Плохо соображая, что делает, Алексей, пав на первую попавшуюся оседланную лошадь, вихрем вылетел в настежь распахнутые ворота и наметом помчался вдоль улицы в степь. Только спустя минут десять, когда конь вдруг резко бросился в сторону и, переходя с карьера на рысь, понес седока целинной степью, Алексей пришел в себя, огляделся и понял, что слева от него тускло поблескивала под месяцем степная речушка. Осадив коня у обрыва, он спешился.

Бросив лошадь, Алексей побрел вдоль извилистого, крутого берега речушки. Шел он как слепой, то и дело останавливаясь, соображая, туда ли идет. Наконец он добрел до давно одичавшего, заброшенного отчимом прадедовского сада, примыкавшего к самому берегу реки. Это было место глухое, заросшее акацией, бузиной, смородиной и жимолостью. В саду стоял тот неясный и тревожный шум, какой можно всегда услышать в лесу перед погожим летним рассветом. С трудом продираясь сквозь дремучие дебри зарослей, Алексей выбрался на небольшую полянку, окруженную полувысохшими тополями, и тут у него подкосились ноги.

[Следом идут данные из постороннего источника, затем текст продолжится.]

(* Let $n,r\ge 1$, ${\bf A}\in\mathbb{H}^n$, $g\in\mathcal{G}$, and ${\bf X}_0\in\mathbb{C}^{n\times r}$. Put ${\bf W}_0={\bf X}_0^{\mathrm H}{\bf A}{\bf X}_0$ and ${\bf G}=\nabla g({\bf W}_0)\in\mathbb{H}^r$. Define ${\bf L}({\bf X})$ by $${\bf L}({\bf X})={\bf X}^{\mathrm H}{\bf A}^{(-)}{\bf X}+{\bf X}^{\mathrm H}{\bf A}^{(+)}{\bf X}_0+{\bf X}_0^{\mathrm H}{\bf A}^{(+)}{\bf X}-{\bf X}_0^{\mathrm H}{\bf A}^{(+)}{\bf X}_0\quad\text{if } g \text{ is MND},$$ $${\bf L}({\bf X})={\bf X}^{\mathrm H}{\bf A}^{(+)}{\bf X}+{\bf X}^{\mathrm H}{\bf A}^{(-)}{\bf X}_0+{\bf X}_0^{\mathrm H}{\bf A}^{(-)}{\bf X}-{\bf X}_0^{\mathrm H}{\bf A}^{(-)}{\bf X}_0\quad\text{if } g \text{ is MNI},$$ and $$l({\bf X};{\bf X}_0)=\mathrm{tr}\big({\bf L}({\bf X})^{\mathrm H}{\bf G}\big)+g({\bf W}_0)-\mathrm{tr}({\bf W}_0{\bf G}),\qquad {\bf X}\in\mathbb{C}^{n\times r}.$$ Then: (i) $l(\cdot;{\bf X}_0)$ is a real-valued concave function on $\mathbb{C}^{n\times r}$ (viewed as a real vector space); (ii) $l({\bf X};{\bf X}_0)\le g({\bf X}^{\mathrm H}{\bf A}{\bf X})$ for all ${\bf X}\in\mathbb{C}^{n\times r}$; (iii) $l({\bf X}_0;{\bf X}_0)=g({\bf X}_0^{\mathrm H}{\bf A}{\bf X}_0)$; (iv) the functions ${\bf X}\mapsto l({\bf X};{\bf X}_0)$ and ${\bf X}\mapsto g({\bf X}^{\mathrm H}{\bf A}{\bf X})$ have the same (real Fréchet) derivative at ${\bf X}={\bf X}_0$.
   Context: $\mathbb{H}^m$ denotes the real vector space of $m\times m$ complex Hermitian matrices, with inner product $\langle{\bf U},{\bf V}\rangle=\mathrm{tr}({\bf U}{\bf V})$; ${\bf U}\succeq{\bf V}$ means ${\bf U}-{\bf V}$ is positive semidefinite. For ${\bf A}\in\mathbb{H}^n$ with eigen-decomposition ${\bf A}=\sum_i\lambda_i{\bf u}_i{\bf u}_i^{\mathrm H}$ (orthonormal ${\bf u}_i$), ${\bf A}^{(+)}=\sum_{\lambda_i>0}\lambda_i{\bf u}_i{\bf u}_i^{\mathrm H}$ and ${\bf A}^{(-)}=\sum_{\lambda_i<0}\lambda_i{\bf u}_i{\bf u}_i^{\mathrm H}$, so ${\bf A}={\bf A}^{(+)}+{\bf A}^{(-)}$. A function $g:\mathbb{H}^r\to\mathbb{R}$ is MND (matrix nondecreasing) if ${\bf W}_1\succeq{\bf W}_2\Rightarrow g({\bf W}_1)\ge g({\bf W}_2)$, and MNI (matrix nonincreasing) if ${\bf W}_1\succeq{\bf W}_2\Rightarrow g({\bf W}_1)\le g({\bf W}_2)$. $\mathcal{G}$ is the family of differentiable convex functions $g:\mathbb{H}^r\to\mathbb{R}$ that are MND or MNI. For differentiable $g$, $\nabla g({\bf W}_0)\in\mathbb{H}^r$ denotes its gradient with respect to the inner product above, i.e. $g({\bf W}_0+\Delta)=g({\bf W}_0)+\mathrm{tr}(\nabla g({\bf W}_0)\Delta)+o(\|\Delta\|)$ for $\Delta\in\mathbb{H}^r$. *)

theory Defs
  imports "HOL-Analysis.Analysis"
begin

text \<open>Complex matrices with m rows and k columns are modelled as complex^'k^'m
  (rows indexed by 'm, columns by 'k); this is a real Euclidean space.\<close>

definition ctrans :: "complex^'k^'m \<Rightarrow> complex^'m^'k" where
  "ctrans X = (\<chi> i j. cnj (X $ j $ i))"

definition hermitian :: "complex^'m^'m \<Rightarrow> bool" where
  "hermitian M \<longleftrightarrow> ctrans M = M"

definition herm_set :: "(complex^'m^'m) set" where
  "herm_set = {M. hermitian M}"

definition cinner :: "complex^'m \<Rightarrow> complex^'m \<Rightarrow> complex" where
  "cinner u v = (\<Sum>k\<in>UNIV. cnj (u $ k) * v $ k)"

definition psd :: "complex^'m^'m \<Rightarrow> bool" where
  "psd M \<longleftrightarrow> hermitian M \<and> (\<forall>x. 0 \<le> Re (cinner x (M *v x)))"

definition outer :: "complex^'m \<Rightarrow> complex^'m^'m" where
  "outer u = (\<chi> a b. u $ a * cnj (u $ b))"

definition eigen_decomp :: "complex^'n^'n \<Rightarrow> ('n \<Rightarrow> real) \<Rightarrow> ('n \<Rightarrow> complex^'n) \<Rightarrow> bool" where
  "eigen_decomp A lam u \<longleftrightarrow>
     (\<forall>i j. cinner (u i) (u j) = (if i = j then 1 else 0)) \<and>
     A = (\<Sum>i\<in>UNIV. lam i *\<^sub>R outer (u i))"

definition pos_part :: "complex^'n^'n \<Rightarrow> complex^'n^'n" where
  "pos_part A = (SOME P. \<exists>lam u. eigen_decomp A lam u \<and>
       P = (\<Sum>i\<in>{i. lam i > 0}. lam i *\<^sub>R outer (u i)))"

definition neg_part :: "complex^'n^'n \<Rightarrow> complex^'n^'n" where
  "neg_part A = (SOME P. \<exists>lam u. eigen_decomp A lam u \<and>
       P = (\<Sum>i\<in>{i. lam i < 0}. lam i *\<^sub>R outer (u i)))"

definition MND :: "(complex^'r^'r \<Rightarrow> real) \<Rightarrow> bool" where
  "MND g \<longleftrightarrow> (\<forall>W1 W2. hermitian W1 \<and> hermitian W2 \<and> psd (W1 - W2) \<longrightarrow> g W1 \<ge> g W2)"

definition MNI :: "(complex^'r^'r \<Rightarrow> real) \<Rightarrow> bool" where
  "MNI g \<longleftrightarrow> (\<forall>W1 W2. hermitian W1 \<and> hermitian W2 \<and> psd (W1 - W2) \<longrightarrow> g W1 \<le> g W2)"

definition is_gradient :: "(complex^'r^'r \<Rightarrow> real) \<Rightarrow> complex^'r^'r \<Rightarrow> complex^'r^'r \<Rightarrow> bool" where
  "is_gradient g W G \<longleftrightarrow> hermitian G \<and>
     (g has_derivative (\<lambda>D. Re (trace (G ** D)))) (at W within herm_set)"

definition grad :: "(complex^'r^'r \<Rightarrow> real) \<Rightarrow> complex^'r^'r \<Rightarrow> complex^'r^'r" where
  "grad g W = (SOME G. is_gradient g W G)"

definition in_G :: "(complex^'r^'r \<Rightarrow> real) \<Rightarrow> bool" where
  "in_G g \<longleftrightarrow> convex_on herm_set g \<and> (\<forall>W\<in>herm_set. \<exists>G. is_gradient g W G)
      \<and> (MND g \<or> MNI g)"

definition Lmat :: "bool \<Rightarrow> complex^'n^'n \<Rightarrow> complex^'r^'n \<Rightarrow> complex^'r^'n \<Rightarrow> complex^'r^'r" where
  "Lmat mnd A X0 X =
     (let P = (if mnd then neg_part A else pos_part A);
          Q = (if mnd then pos_part A else neg_part A)
      in ctrans X ** P ** X + ctrans X ** Q ** X0 + ctrans X0 ** Q ** X - ctrans X0 ** Q ** X0)"

definition lfun :: "bool \<Rightarrow> (complex^'r^'r \<Rightarrow> real) \<Rightarrow> complex^'n^'n \<Rightarrow> complex^'r^'n \<Rightarrow> complex^'r^'n \<Rightarrow> complex" where
  "lfun mnd g A X0 X =
     (let W0 = ctrans X0 ** A ** X0; G = grad g W0
      in trace (ctrans (Lmat mnd A X0 X) ** G) + of_real (g W0) - trace (W0 ** G))"

end

theory Submission
  imports Defs
begin

text \<open>Write \<open>A = R + Q\<close> with \<open>Q\<close> the spectral part of \<open>A\<close> along which \<open>g\<close> increases
  (\<open>A\<^sup>+\<close> for MND, \<open>A\<^sup>-\<close> for MNI) and \<open>R\<close> the other one. Then
  \<open>X\<^sup>H A X = L(X) + (X - X\<^sub>0)\<^sup>H Q (X - X\<^sub>0)\<close>, so \<open>g(L(X)) \<le> g(X\<^sup>H A X)\<close>, and \<open>l(X)\<close> is the
  tangent plane of the convex \<open>g\<close> at \<open>W\<^sub>0 = L(X\<^sub>0)\<close> evaluated at \<open>L(X)\<close>; hence
  \<open>l(X) \<le> g(L(X)) \<le> g(X\<^sup>H A X)\<close> with equality at \<open>X\<^sub>0\<close>. The quadratic part of \<open>l\<close> is
  \<open>X \<mapsto> tr(G X\<^sup>H R X)\<close>, which is nonpositive because \<open>g\<close> decreases in every direction
  \<open>D\<^sup>H R D\<close>; so \<open>l\<close> is concave. A differentiable minorant touching a differentiable
  function at a point has the same derivative there.\<close>

section \<open>Complex inner product and conjugate transpose\<close>

(* Specialised to complex so that simp does not also rewrite scalings of vectors. *)
lemma scaleR_complex: "r *\<^sub>R (z::complex) = of_real r * z"
  by (rule scaleR_conv_of_real)

lemma cinner_zero_right [simp]: "cinner u 0 = 0"
  unfolding cinner_def by simp

lemma cinner_add_right: "cinner u (v + w) = cinner u v + cinner u w"
  unfolding cinner_def by (simp add: distrib_left sum.distrib)

lemma cinner_add_left: "cinner (u + v) w = cinner u w + cinner v w"
  unfolding cinner_def by (simp add: distrib_right sum.distrib)

lemma cinner_diff_right: "cinner u (v - w) = cinner u v - cinner u w"
  unfolding cinner_def by (simp add: right_diff_distrib sum_subtractf)

lemma cinner_scaleR_right: "cinner u (r *\<^sub>R v) = of_real r * cinner u v"
  unfolding cinner_def by (simp add: sum_distrib_left scaleR_complex mult_ac)

lemma cinner_scaleR_left: "cinner (r *\<^sub>R u) v = of_real r * cinner u v"
  unfolding cinner_def by (simp add: sum_distrib_left scaleR_complex mult_ac)

lemma cinner_smult_right: "cinner u (c *s v) = c * cinner u v"
  unfolding cinner_def by (simp add: sum_distrib_left mult_ac)

lemma cinner_smult_left: "cinner (c *s u) v = cnj c * cinner u v"
  unfolding cinner_def by (simp add: sum_distrib_left mult_ac)

lemma cinner_sum_right: "finite S \<Longrightarrow> cinner u (sum f S) = (\<Sum>i\<in>S. cinner u (f i))"
  by (induction S rule: finite_induct) (simp_all add: cinner_add_right)

lemma cinner_commute_cnj: "cnj (cinner u v) = cinner v u"
  unfolding cinner_def by (simp add: mult.commute)

lemma cinner_eq_zero_sym: "cinner s z = 0 \<Longrightarrow> cinner z s = 0"
  by (metis cinner_commute_cnj complex_cnj_zero)

lemma Re_cinner: "Re (cinner u v) = u \<bullet> v"
  unfolding cinner_def inner_vec_def by (simp add: inner_complex_def)

lemma cinner_self: "cinner u u = of_real ((norm u)\<^sup>2)"
  by (rule complex_eqI)
    (simp_all add: Re_cinner power2_norm_eq_inner, simp add: cinner_def mult.commute)

lemma cinner_matrix_vector: "cinner u (M *v v) = cinner (ctrans M *v u) v"
proof -
  have "cinner u (M *v v) = (\<Sum>k\<in>UNIV. \<Sum>j\<in>UNIV. cnj (u $ k) * M $ k $ j * v $ j)"
    unfolding cinner_def matrix_vector_mult_def by (simp add: sum_distrib_left mult_ac)
  also have "\<dots> = (\<Sum>j\<in>UNIV. \<Sum>k\<in>UNIV. cnj (u $ k) * M $ k $ j * v $ j)"
    by (rule sum.swap)
  also have "\<dots> = cinner (ctrans M *v u) v"
    unfolding cinner_def matrix_vector_mult_def ctrans_def
    by (simp add: sum_distrib_left sum_distrib_right mult_ac)
  finally show ?thesis .
qed

lemma hermitian_cinner_sym: "hermitian A \<Longrightarrow> cinner u (A *v v) = cinner (A *v u) v"
  unfolding hermitian_def by (simp add: cinner_matrix_vector)

lemma ctrans_ctrans [simp]: "ctrans (ctrans X) = X"
  unfolding ctrans_def by (simp add: vec_eq_iff)

lemma ctrans_mult: "ctrans (A ** B) = ctrans B ** ctrans A"
  unfolding ctrans_def matrix_matrix_mult_def by (simp add: vec_eq_iff mult.commute)

lemma ctrans_add: "ctrans (A + B) = ctrans A + ctrans B"
  unfolding ctrans_def by (simp add: vec_eq_iff)

lemma ctrans_diff: "ctrans (A - B) = ctrans A - ctrans B"
  unfolding ctrans_def by (simp add: vec_eq_iff)

lemma ctrans_uminus: "ctrans (- A) = - ctrans A"
  unfolding ctrans_def by (simp add: vec_eq_iff)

В глуби поляны, под старым, опаленным недавней грозой тополем Алексей увидел отчима и Софью. На мгновение отупев от гнева и обиды, он стоял как вкопанный, тупо глядя на отчима и невесту в белом подвенечном платье со смятой фатой. Доверчиво прижимаясь грудью к свекру, Софья что-то шептала ему.

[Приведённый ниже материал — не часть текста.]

lemma continuous_on_resolvent_gap:
  assumes "0 < a"
  shows "continuous_on {a..b} (\<lambda>lam. resolvent_gap A lam x)"
proof (rule lipschitz_on_continuous_on)
  show "(resolvent_gap A b x / a)-lipschitz_on {a..b} (\<lambda>lam. resolvent_gap A lam x)"
  proof (rule lipschitz_onI)
    fix l m assume lm: "l \<in> {a..b}" "m \<in> {a..b}"
    have "\<bar>resolvent_gap A l x - resolvent_gap A m x\<bar> \<le> \<bar>m - l\<bar> / m * resolvent_gap A m x"
      using lm assms by (intro resolvent_gap_parameter_dist) auto
    also have "\<dots> \<le> \<bar>m - l\<bar> / a * resolvent_gap A b x"
    proof (rule mult_mono)
      show "\<bar>m - l\<bar> / m \<le> \<bar>m - l\<bar> / a" using lm assms by (simp add: divide_left_mono)
      show "resolvent_gap A m x \<le> resolvent_gap A b x" using lm assms by (simp add: resolvent_gap_mono)
    qed (use assms in \<open>auto simp: resolvent_gap_def\<close>)
    finally show "dist (resolvent_gap A l x) (resolvent_gap A m x) \<le> resolvent_gap A b x / a * dist l m"
      by (simp add: dist_real_def abs_minus_commute mult_ac)
  qed (use assms in \<open>simp add: resolvent_gap_def\<close>)
qed

end

section \<open>The feedback law\<close>

text \<open>The second closed-loop equation with \<open>n = p - 1\<close>. Its positive root is unique whenever it
  exists, and it exists for \<open>0 \<notin> A x\<close>; elsewhere (for \<open>n > 0\<close>) the value is unspecified.\<close>

definition feedback_lambda :: "('a::real_inner \<Rightarrow> 'a set) \<Rightarrow> real \<Rightarrow> nat \<Rightarrow> 'a \<Rightarrow> real" where
  "feedback_lambda A \<theta> n x = (THE lam. 0 < lam \<and> lam * resolvent_gap A lam x ^ n = \<theta>)"

definition closed_loop_field :: "('a::real_inner \<Rightarrow> 'a set) \<Rightarrow> real \<Rightarrow> nat \<Rightarrow> 'a \<Rightarrow> 'a" where
  "closed_loop_field A \<theta> n x = resolvent A (feedback_lambda A \<theta> n x) x - x"

context
  fixes A :: "'a::{real_inner,complete_space} \<Rightarrow> 'a set"
  assumes maximal: "maximal_monotone A"
begin

lemma feedback_equation_strict_mono:
  assumes "0 < a" "a < b" "0 < resolvent_gap A a x ^ n"
  shows "a * resolvent_gap A a x ^ n < b * resolvent_gap A b x ^ n"
proof -
  have "a * resolvent_gap A a x ^ n < b * resolvent_gap A a x ^ n" using assms by simp
  also have "\<dots> \<le> b * resolvent_gap A b x ^ n"
    using assms resolvent_gap_mono[OF maximal, of a b x]
    by (intro mult_left_mono power_mono) (auto simp: resolvent_gap_def)
  finally show ?thesis .
qed

lemma feedback_lambda_eqI:
  assumes "0 < \<theta>" "0 < lam" "lam * resolvent_gap A lam x ^ n = \<theta>"
  shows "feedback_lambda A \<theta> n x = lam"
  unfolding feedback_lambda_def
proof (rule the_equality)
  show "0 < lam \<and> lam * resolvent_gap A lam x ^ n = \<theta>" using assms(2,3) by simp
  have "0 < resolvent_gap A lam x ^ n"
    using zero_less_mult_pos[of lam "resolvent_gap A lam x ^ n"] assms by simp
  hence pos: "0 < resolvent_gap A a x ^ n" if "0 < a" for a
    using resolvent_gap_pos_iff[OF maximal] assms(2) that
    by (metis power_eq_0_iff zero_less_power less_le resolvent_gap_def norm_ge_zero)
  fix mu assume mu: "0 < mu \<and> mu * resolvent_gap A mu x ^ n = \<theta>"
  show "mu = lam"
    using feedback_equation_strict_mono[of mu lam x n] feedback_equation_strict_mono[of lam mu x n]
      pos[of mu] pos[of lam] mu assms(2,3) by (cases mu lam rule: linorder_cases) auto
qed

lemma feedback_lambda_root:
  assumes "0 < \<theta>" "0 \<notin> A x"
  shows "0 < feedback_lambda A \<theta> n x"
    and "feedback_lambda A \<theta> n x * resolvent_gap A (feedback_lambda A \<theta> n x) x ^ n = \<theta>"
proof -
  define f where "f lam = lam * resolvent_gap A lam x ^ n" for lam
  have gap_pos: "0 < resolvent_gap A lam x" if "0 < lam" for lam
    using resolvent_gap_pos_iff[OF maximal that] assms(2) by simp
  define l1 where "l1 = min 1 (\<theta> / (resolvent_gap A 1 x ^ n + 1))"
  have "0 < resolvent_gap A 1 x ^ n" using gap_pos[of 1] by simp
  hence l1: "0 < l1" "l1 \<le> 1" unfolding l1_def using assms(1) by auto
  have "f l1 \<le> l1 * resolvent_gap A 1 x ^ n"
    unfolding f_def using l1 resolvent_gap_mono[OF maximal l1(1,2), of x] gap_pos[OF l1(1)]
    by (intro mult_left_mono power_mono) auto
  also have "\<dots> \<le> \<theta>"
    using l1 gap_pos[of 1] assms(1) unfolding l1_def
    by (smt (verit, best) divide_pos_pos mult_left_mono le_divide_eq zero_le_power)
  finally have f1: "f l1 \<le> \<theta>" .
  define l2 where "l2 = l1 + \<theta> / resolvent_gap A l1 x ^ n"
  have l12: "l1 \<le> l2" unfolding l2_def using assms(1) gap_pos[OF l1(1)] by simp
  have "\<theta> \<le> l2 * resolvent_gap A l1 x ^ n"
    unfolding l2_def using l1 gap_pos[OF l1(1)] by (simp add: distrib_right)
  also have "\<dots> \<le> f l2"
    unfolding f_def using l1 l12 gap_pos[OF l1(1)] resolvent_gap_mono[OF maximal l1(1) l12, of x]
    by (intro mult_left_mono power_mono) auto
  finally have f2: "\<theta> \<le> f l2" .
  have "continuous_on {l1..l2} f"
    unfolding f_def using continuous_on_resolvent_gap[OF maximal l1(1)] by (intro continuous_intros)
  then obtain lam where "l1 \<le> lam" "f lam = \<theta>"
    using IVT'[of f l1 \<theta> l2, OF f1 f2 l12] by blast
  hence "feedback_lambda A \<theta> n x = lam" unfolding f_def
    using l1(1) by (intro feedback_lambda_eqI assms(1)) auto
  thus "0 < feedback_lambda A \<theta> n x"
    "feedback_lambda A \<theta> n x * resolvent_gap A (feedback_lambda A \<theta> n x) x ^ n = \<theta>"
    using \<open>l1 \<le> lam\<close> \<open>f lam = \<theta>\<close> l1(1) unfolding f_def by auto
qed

«Убьо! Обоих!» — твердо решил Алексей. Судорожным движением руки нащупал в кармане нож-складенец. Затаив дыхание, он стал пробираться кустами к отчиму и невесте. Ему удалось подкрасться к ним почти вплотную. На секунду очнувшись, он услышал горячий шепот Софьи, и это подстегнуло Алексея,— слегка присев, как это делают люди, готовясь к рискованному прыжку, и отнеся назад руку со стиснутым в ней ножом, он бросился на отчима, рассчитывая всадить ему нож в спину.

Но Лука Лукич, ловко выскользнув из-под прямого расчетливого удара пасынка, схватил на лету его руку и с такой чудовищной силой сжал ее в запястье железными пальцами, что Алексей, слабо крикнув от боли, повалился к ногам отчима. Ткнувшись лицом в прохладную от росы траву, он замер.

Прижав пасынка к земле ногой, Лука Лукич вполголоса молвил:

— Замри!.. Извиняй уж меня, Алеша. Пьяное, так сказать, дело! Ну, а ежели пикнешь — на меня не пеняй. Не прогневайся. Убью. Убью,— повторил тихо и внятно Лука Лукич и, по-хозяйски обтерев красным носовым платком отобранный у пасынка нож-складенец, положил его в карман нарядного бешмета из тонкого довоенного сукна. Затем он не спеша пошел прочь следом за исчезнувшей уже Софьей.

На пятые сутки, когда затих после шалого гульбища старый бобровский дом, Алексей, осунувшийся, похудевший, желтый, будто после долгой болезни, простился в сумерках с перепуганной, ничего не понимавшей матерью и, сутулясь под встречным ветром, не оглядываясь назад, пошел искать доли и счастья.